ABOUT THIS TASK:
Each line of the data below must be reproduced without any change.

── RECORDS

lemma input_space_norm_nonneg:
  assumes "input_space UU nU" and "u \<in> UU"
  shows "0 \<le> nU u"
proof -
  have "\<forall>u\<in>UU. 0 \<le> nU u \<and> (nU u = 0 \<longleftrightarrow> u = (\<lambda>_. 0))"
    using assms(1) unfolding input_space_def by (elim conjE)
  then show ?thesis
    using assms(2) by simp
qed

theorem mainTheorem1:
  fixes UU :: "(real \<Rightarrow> 'u::banach) set"
    and nU :: "(real \<Rightarrow> 'u) \<Rightarrow> real"
    and \<phi> :: "real \<Rightarrow> 'x::banach \<Rightarrow> (real \<Rightarrow> 'u) \<Rightarrow> 'x"
  assumes "control_system UU nU \<phi>"
    and "ISS UU nU \<phi>"
  shows "norm_to_integral_ISS UU nU \<phi>"
proof -
  obtain \<beta> \<gamma> where \<beta>: "classKL \<beta>" and \<gamma>: "classK \<gamma>"
    and iss: "\<forall>x. \<forall>u\<in>UU. \<forall>t\<ge>0. norm (\<phi> t x u) \<le> \<beta> (norm x) t + \<gamma> (nU u)"
    using assms(2) unfolding ISS_def by blast
  obtain \<alpha> \<psi> where \<alpha>: "classK \<alpha>" and \<psi>: "classKinf \<psi>"
    and \<psi>_bound: "\<forall>r\<ge>0. \<forall>t\<ge>0. (\<lambda>s. \<alpha> (2 * \<beta> r s)) integrable_on {0..t} \<and>
      integral {0..t} (\<lambda>s. \<alpha> (2 * \<beta> r s)) \<le> \<psi> r"
    using classKL_integral_majorant[OF classKL_scale[OF _ \<beta>, of 2]] by auto
  define \<sigma> where "\<sigma> v = \<alpha> (2 * \<gamma> v) + v" for v
  have \<sigma>: "classKinf \<sigma>"
    unfolding \<sigma>_def using classK_compose[OF \<alpha> classK_scale[OF _ \<gamma>]]
    by (intro classKinf_add_id_classK) simp
  have nU_nonneg: "0 \<le> nU u" if "u \<in> UU" for u
    using assms(1) that unfolding control_system_def by (blast intro: input_space_norm_nonneg)
  have "integral {0..t} (\<lambda>s. \<alpha> (norm (\<phi> s x u))) \<le> \<psi> (norm x) + t * \<sigma> (nU u)"
    if u: "u \<in> UU" and t: "0 \<le> t" for x u t
  proof -
    have "integral {0..t} (\<lambda>s. \<alpha> (norm (\<phi> s x u)))
        \<le> integral {0..t} (\<lambda>s. \<alpha> (2 * \<beta> (norm x) s)) + t * \<alpha> (2 * \<gamma> (nU u))"
      using \<alpha> t classK_nonneg[OF \<gamma> nU_nonneg[OF u]] classKL_nonneg[OF \<beta>] \<psi>_bound iss u
      by (intro integral_classK_sum_bound) auto
    also have "\<dots> \<le> \<psi> (norm x) + t * \<sigma> (nU u)"
      using \<psi>_bound t nU_nonneg[OF u] by (intro add_mono mult_left_mono) (auto simp: \<sigma>_def)
    finally show ?thesis .
  qed
  then show ?thesis
    unfolding norm_to_integral_ISS_def using \<alpha> \<psi> \<sigma> by blast
qed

────

SOLUTION TO THE PROBLEM:
lemma input_space_norm_nonneg:
  assumes "input_space UU nU" and "u \<in> UU"
  shows "0 \<le> nU u"
proof -
  have "\<forall>u\<in>UU. 0 \<le> nU u \<and> (nU u = 0 \<longleftrightarrow> u = (\<lambda>_. 0))"
    using assms(1) unfolding input_space_def by (elim conjE)
  then show ?thesis
    using assms(2) by simp
qed

theorem mainTheorem1:
  fixes UU :: "(real \<Rightarrow> 'u::banach) set"
    and nU :: "(real \<Rightarrow> 'u) \<Rightarrow> real"
    and \<phi> :: "real \<Rightarrow> 'x::banach \<Rightarrow> (real \<Rightarrow> 'u) \<Rightarrow> 'x"
  assumes "control_system UU nU \<phi>"
    and "ISS UU nU \<phi>"
  shows "norm_to_integral_ISS UU nU \<phi>"
proof -
  obtain \<beta> \<gamma> where \<beta>: "classKL \<beta>" and \<gamma>: "classK \<gamma>"
    and iss: "\<forall>x. \<forall>u\<in>UU. \<forall>t\<ge>0. norm (\<phi> t x u) \<le> \<beta> (norm x) t + \<gamma> (nU u)"
    using assms(2) unfolding ISS_def by blast
  obtain \<alpha> \<psi> where \<alpha>: "classK \<alpha>" and \<psi>: "classKinf \<psi>"
    and \<psi>_bound: "\<forall>r\<ge>0. \<forall>t\<ge>0. (\<lambda>s. \<alpha> (2 * \<beta> r s)) integrable_on {0..t} \<and>
      integral {0..t} (\<lambda>s. \<alpha> (2 * \<beta> r s)) \<le> \<psi> r"
    using classKL_integral_majorant[OF classKL_scale[OF _ \<beta>, of 2]] by auto
  define \<sigma> where "\<sigma> v = \<alpha> (2 * \<gamma> v) + v" for v
  have \<sigma>: "classKinf \<sigma>"
    unfolding \<sigma>_def using classK_compose[OF \<alpha> classK_scale[OF _ \<gamma>]]
    by (intro classKinf_add_id_classK) simp
  have nU_nonneg: "0 \<le> nU u" if "u \<in> UU" for u
    using assms(1) that unfolding control_system_def by (blast intro: input_space_norm_nonneg)
  have "integral {0..t} (\<lambda>s. \<alpha> (norm (\<phi> s x u))) \<le> \<psi> (norm x) + t * \<sigma> (nU u)"
    if u: "u \<in> UU" and t: "0 \<le> t" for x u t
  proof -
    have "integral {0..t} (\<lambda>s. \<alpha> (norm (\<phi> s x u)))
        \<le> integral {0..t} (\<lambda>s. \<alpha> (2 * \<beta> (norm x) s)) + t * \<alpha> (2 * \<gamma> (nU u))"
      using \<alpha> t classK_nonneg[OF \<gamma> nU_nonneg[OF u]] classKL_nonneg[OF \<beta>] \<psi>_bound iss u
      by (intro integral_classK_sum_bound) auto
    also have "\<dots> \<le> \<psi> (norm x) + t * \<sigma> (nU u)"
      using \<psi>_bound t nU_nonneg[OF u] by (intro add_mono mult_left_mono) (auto simp: \<sigma>_def)
    finally show ?thesis .
  qed
  then show ?thesis
    unfolding norm_to_integral_ISS_def using \<alpha> \<psi> \<sigma> by blast
qed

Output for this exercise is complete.